## YOUR INSTRUCTIONS:
Lines below that hold the word "module" must be copied in full.

## DATA TO EXAMINE:
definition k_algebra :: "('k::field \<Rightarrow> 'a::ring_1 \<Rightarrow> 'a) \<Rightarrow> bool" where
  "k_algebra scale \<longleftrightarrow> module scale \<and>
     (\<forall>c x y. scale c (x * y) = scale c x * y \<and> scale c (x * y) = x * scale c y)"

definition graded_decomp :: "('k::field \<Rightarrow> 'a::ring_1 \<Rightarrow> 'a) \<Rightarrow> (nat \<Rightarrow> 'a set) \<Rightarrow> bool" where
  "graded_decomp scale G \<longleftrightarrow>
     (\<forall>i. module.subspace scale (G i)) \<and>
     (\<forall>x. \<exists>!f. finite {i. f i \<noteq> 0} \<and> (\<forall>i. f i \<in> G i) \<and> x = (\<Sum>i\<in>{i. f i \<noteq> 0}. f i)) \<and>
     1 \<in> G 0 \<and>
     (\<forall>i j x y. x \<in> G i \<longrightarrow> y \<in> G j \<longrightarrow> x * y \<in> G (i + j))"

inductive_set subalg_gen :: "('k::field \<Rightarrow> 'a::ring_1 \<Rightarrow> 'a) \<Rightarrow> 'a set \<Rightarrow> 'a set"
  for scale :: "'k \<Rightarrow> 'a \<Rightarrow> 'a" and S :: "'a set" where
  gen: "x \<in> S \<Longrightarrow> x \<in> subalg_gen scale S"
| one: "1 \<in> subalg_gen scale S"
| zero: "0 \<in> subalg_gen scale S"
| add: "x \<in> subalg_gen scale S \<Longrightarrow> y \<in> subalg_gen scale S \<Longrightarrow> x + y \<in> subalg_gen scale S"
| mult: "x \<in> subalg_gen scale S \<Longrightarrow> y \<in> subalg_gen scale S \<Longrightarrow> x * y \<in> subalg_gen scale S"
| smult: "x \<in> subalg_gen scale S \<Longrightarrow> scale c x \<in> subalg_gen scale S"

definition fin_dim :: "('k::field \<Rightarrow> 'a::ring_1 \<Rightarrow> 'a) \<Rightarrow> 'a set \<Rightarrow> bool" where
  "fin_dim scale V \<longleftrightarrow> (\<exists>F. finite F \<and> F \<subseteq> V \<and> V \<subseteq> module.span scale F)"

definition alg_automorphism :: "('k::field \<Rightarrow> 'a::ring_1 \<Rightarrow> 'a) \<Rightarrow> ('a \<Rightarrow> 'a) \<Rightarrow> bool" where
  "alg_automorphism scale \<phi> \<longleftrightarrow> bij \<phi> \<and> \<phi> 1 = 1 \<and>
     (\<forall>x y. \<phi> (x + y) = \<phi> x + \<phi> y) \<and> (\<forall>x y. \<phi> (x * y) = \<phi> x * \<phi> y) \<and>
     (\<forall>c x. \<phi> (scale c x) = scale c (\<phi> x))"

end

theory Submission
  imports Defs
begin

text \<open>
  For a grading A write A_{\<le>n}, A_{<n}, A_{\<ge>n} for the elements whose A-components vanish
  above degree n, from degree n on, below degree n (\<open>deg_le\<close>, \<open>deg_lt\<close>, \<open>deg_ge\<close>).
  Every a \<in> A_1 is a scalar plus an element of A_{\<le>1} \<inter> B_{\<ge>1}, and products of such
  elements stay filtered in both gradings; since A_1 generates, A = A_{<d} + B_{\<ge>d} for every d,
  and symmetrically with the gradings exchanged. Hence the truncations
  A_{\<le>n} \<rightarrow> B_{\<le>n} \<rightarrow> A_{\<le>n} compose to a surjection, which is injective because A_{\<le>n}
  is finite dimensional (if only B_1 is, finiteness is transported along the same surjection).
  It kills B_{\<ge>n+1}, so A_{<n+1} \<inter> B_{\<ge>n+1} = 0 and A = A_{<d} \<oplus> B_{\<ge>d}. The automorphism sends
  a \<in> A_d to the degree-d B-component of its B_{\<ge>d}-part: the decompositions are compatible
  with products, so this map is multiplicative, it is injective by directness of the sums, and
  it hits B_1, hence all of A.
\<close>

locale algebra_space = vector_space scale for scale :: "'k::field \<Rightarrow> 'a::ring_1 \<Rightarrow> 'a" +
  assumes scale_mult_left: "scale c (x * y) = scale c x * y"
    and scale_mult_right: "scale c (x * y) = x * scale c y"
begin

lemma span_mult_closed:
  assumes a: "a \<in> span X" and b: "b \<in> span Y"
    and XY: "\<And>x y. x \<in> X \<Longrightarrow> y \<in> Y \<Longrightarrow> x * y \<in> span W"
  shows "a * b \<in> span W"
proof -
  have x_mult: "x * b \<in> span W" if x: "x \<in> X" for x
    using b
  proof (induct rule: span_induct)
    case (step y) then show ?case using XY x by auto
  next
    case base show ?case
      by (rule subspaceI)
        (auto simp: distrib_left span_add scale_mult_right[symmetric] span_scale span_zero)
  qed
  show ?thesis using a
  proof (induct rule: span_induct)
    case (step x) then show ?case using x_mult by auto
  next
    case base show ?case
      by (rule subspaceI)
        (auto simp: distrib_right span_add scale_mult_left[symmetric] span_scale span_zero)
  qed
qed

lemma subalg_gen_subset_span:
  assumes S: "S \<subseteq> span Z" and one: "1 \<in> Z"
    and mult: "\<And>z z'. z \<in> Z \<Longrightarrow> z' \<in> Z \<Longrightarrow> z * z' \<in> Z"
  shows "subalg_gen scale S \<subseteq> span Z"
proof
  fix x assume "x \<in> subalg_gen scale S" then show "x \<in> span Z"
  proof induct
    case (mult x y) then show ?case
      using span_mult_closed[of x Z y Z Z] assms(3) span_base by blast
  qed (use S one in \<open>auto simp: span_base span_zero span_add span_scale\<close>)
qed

---

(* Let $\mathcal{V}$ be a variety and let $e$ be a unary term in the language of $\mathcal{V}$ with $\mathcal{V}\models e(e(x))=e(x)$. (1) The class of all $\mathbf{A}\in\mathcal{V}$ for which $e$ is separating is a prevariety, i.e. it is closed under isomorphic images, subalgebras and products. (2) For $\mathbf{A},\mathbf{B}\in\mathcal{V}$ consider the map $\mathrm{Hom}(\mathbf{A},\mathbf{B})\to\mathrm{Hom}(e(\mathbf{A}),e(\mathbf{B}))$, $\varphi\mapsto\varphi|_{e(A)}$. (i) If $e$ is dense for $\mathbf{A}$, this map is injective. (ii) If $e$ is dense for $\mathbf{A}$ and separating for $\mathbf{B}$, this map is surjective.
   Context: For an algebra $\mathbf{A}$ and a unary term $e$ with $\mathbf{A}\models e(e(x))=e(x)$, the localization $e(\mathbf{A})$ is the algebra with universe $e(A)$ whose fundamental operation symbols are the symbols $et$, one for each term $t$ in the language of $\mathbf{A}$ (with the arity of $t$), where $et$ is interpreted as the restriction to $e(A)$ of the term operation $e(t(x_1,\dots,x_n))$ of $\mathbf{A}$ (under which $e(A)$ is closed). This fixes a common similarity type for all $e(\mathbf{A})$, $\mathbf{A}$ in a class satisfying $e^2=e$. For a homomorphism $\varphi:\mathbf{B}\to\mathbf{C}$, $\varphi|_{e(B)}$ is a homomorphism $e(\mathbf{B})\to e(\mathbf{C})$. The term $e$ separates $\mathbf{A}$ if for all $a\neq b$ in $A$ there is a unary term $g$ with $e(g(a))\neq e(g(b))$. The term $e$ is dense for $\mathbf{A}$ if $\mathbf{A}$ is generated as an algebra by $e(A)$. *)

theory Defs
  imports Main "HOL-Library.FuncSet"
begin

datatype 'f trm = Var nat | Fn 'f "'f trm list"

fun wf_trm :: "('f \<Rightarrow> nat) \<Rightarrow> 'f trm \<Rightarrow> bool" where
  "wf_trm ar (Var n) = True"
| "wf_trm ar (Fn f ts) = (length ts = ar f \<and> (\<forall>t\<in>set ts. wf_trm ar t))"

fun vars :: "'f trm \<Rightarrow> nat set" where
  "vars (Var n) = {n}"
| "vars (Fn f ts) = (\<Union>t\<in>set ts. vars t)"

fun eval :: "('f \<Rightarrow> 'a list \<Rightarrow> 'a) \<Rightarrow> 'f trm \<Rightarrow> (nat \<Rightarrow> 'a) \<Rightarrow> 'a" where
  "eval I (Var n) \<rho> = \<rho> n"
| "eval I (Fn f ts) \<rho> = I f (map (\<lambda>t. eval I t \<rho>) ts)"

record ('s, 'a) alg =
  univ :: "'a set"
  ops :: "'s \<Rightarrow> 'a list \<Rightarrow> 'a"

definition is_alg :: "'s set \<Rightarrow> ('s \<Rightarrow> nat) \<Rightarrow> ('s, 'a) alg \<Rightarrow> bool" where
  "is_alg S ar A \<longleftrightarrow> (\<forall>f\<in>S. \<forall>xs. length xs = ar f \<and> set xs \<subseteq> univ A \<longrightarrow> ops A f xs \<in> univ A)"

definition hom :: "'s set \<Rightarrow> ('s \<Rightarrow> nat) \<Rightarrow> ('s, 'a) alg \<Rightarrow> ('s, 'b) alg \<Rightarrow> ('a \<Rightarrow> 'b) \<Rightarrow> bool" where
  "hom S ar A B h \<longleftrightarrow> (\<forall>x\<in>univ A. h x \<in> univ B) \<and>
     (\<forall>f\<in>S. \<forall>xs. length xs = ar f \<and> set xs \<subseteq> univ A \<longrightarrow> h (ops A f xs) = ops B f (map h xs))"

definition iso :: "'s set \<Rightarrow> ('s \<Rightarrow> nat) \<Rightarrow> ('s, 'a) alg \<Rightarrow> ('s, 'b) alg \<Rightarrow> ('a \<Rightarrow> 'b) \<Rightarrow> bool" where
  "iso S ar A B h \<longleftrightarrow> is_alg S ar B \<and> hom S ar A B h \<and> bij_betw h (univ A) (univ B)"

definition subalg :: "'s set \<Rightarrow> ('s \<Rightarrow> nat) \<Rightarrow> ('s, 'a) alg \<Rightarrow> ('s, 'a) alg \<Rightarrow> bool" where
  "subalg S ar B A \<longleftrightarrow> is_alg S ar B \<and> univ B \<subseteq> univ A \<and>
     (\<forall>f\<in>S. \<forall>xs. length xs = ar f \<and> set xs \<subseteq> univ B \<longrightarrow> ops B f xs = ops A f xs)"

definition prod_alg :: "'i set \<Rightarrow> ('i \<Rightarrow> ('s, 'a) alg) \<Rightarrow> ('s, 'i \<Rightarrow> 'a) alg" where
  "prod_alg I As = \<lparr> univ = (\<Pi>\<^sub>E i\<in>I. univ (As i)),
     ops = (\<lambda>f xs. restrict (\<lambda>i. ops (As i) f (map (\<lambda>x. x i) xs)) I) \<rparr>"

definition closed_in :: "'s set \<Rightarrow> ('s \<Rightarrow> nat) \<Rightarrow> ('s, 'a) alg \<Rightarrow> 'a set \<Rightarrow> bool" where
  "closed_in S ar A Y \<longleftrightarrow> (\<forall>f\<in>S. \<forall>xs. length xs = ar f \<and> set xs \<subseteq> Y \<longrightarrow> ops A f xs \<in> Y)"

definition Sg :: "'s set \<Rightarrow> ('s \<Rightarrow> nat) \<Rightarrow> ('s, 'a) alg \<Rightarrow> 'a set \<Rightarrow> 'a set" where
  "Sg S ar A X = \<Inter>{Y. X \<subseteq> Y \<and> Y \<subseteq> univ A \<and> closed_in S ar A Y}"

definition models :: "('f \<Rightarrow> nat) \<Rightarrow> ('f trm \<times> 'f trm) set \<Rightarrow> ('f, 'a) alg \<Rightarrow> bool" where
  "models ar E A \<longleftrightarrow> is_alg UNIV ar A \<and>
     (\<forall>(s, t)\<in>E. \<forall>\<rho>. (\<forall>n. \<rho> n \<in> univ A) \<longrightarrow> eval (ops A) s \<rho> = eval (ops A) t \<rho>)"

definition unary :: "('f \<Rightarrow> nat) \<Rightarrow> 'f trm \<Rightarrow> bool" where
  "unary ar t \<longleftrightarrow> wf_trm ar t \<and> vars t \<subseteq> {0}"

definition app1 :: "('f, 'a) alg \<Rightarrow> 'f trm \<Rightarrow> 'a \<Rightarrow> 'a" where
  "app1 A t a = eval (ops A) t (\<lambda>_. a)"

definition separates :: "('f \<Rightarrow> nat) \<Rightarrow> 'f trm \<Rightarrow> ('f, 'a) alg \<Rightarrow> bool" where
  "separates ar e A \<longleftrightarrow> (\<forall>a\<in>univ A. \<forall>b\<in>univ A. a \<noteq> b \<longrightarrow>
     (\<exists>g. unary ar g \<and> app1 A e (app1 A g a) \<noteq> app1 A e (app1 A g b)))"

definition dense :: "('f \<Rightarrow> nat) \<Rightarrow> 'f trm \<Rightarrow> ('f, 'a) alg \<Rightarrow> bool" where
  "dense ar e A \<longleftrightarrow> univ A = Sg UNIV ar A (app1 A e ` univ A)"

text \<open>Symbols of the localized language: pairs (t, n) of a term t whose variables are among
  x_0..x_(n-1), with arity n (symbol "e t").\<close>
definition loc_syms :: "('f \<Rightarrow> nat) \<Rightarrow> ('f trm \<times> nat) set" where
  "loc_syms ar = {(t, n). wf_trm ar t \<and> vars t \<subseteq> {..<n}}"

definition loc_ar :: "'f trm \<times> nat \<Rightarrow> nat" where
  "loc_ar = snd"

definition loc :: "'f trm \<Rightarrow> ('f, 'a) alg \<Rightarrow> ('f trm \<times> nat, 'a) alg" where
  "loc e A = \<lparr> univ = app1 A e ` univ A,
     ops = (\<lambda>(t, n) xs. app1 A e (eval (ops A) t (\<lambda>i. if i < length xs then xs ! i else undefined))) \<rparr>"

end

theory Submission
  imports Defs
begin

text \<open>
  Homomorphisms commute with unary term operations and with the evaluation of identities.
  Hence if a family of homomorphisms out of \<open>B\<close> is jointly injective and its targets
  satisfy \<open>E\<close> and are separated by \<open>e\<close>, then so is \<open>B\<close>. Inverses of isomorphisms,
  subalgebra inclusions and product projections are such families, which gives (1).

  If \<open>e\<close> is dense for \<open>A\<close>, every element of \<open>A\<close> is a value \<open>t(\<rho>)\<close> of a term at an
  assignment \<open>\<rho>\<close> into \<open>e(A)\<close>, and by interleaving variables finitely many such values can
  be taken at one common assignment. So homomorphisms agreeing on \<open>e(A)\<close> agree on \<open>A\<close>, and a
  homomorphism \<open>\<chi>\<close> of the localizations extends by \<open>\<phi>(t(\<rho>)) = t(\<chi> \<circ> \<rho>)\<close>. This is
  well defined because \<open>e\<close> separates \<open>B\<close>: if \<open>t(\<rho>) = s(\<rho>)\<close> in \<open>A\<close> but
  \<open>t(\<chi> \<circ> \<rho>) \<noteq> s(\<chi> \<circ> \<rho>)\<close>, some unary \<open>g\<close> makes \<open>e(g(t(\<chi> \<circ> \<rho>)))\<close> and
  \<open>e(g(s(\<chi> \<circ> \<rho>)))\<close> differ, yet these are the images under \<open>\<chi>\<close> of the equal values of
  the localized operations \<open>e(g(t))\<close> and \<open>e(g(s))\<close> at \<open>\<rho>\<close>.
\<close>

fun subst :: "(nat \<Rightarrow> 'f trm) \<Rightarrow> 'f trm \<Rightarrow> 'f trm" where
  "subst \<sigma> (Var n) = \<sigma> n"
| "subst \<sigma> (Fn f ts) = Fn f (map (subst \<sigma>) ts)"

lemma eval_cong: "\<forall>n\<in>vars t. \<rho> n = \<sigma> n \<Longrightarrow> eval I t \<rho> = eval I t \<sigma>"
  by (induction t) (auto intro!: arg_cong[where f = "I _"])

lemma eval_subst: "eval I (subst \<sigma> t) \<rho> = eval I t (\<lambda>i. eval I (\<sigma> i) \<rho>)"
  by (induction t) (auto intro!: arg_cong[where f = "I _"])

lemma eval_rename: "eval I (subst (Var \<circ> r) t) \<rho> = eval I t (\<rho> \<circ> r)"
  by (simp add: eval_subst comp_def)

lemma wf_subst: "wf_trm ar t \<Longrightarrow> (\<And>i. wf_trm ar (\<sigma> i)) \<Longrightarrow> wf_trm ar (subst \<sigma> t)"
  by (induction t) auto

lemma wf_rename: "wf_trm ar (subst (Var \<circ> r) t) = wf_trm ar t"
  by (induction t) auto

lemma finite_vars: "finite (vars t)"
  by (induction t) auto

## OUTPUT OF THE EXERCISE:
  "k_algebra scale \<longleftrightarrow> module scale \<and>
     (\<forall>i. module.subspace scale (G i)) \<and>
  "fin_dim scale V \<longleftrightarrow> (\<exists>F. finite F \<and> F \<subseteq> V \<and> V \<subseteq> module.span scale F)"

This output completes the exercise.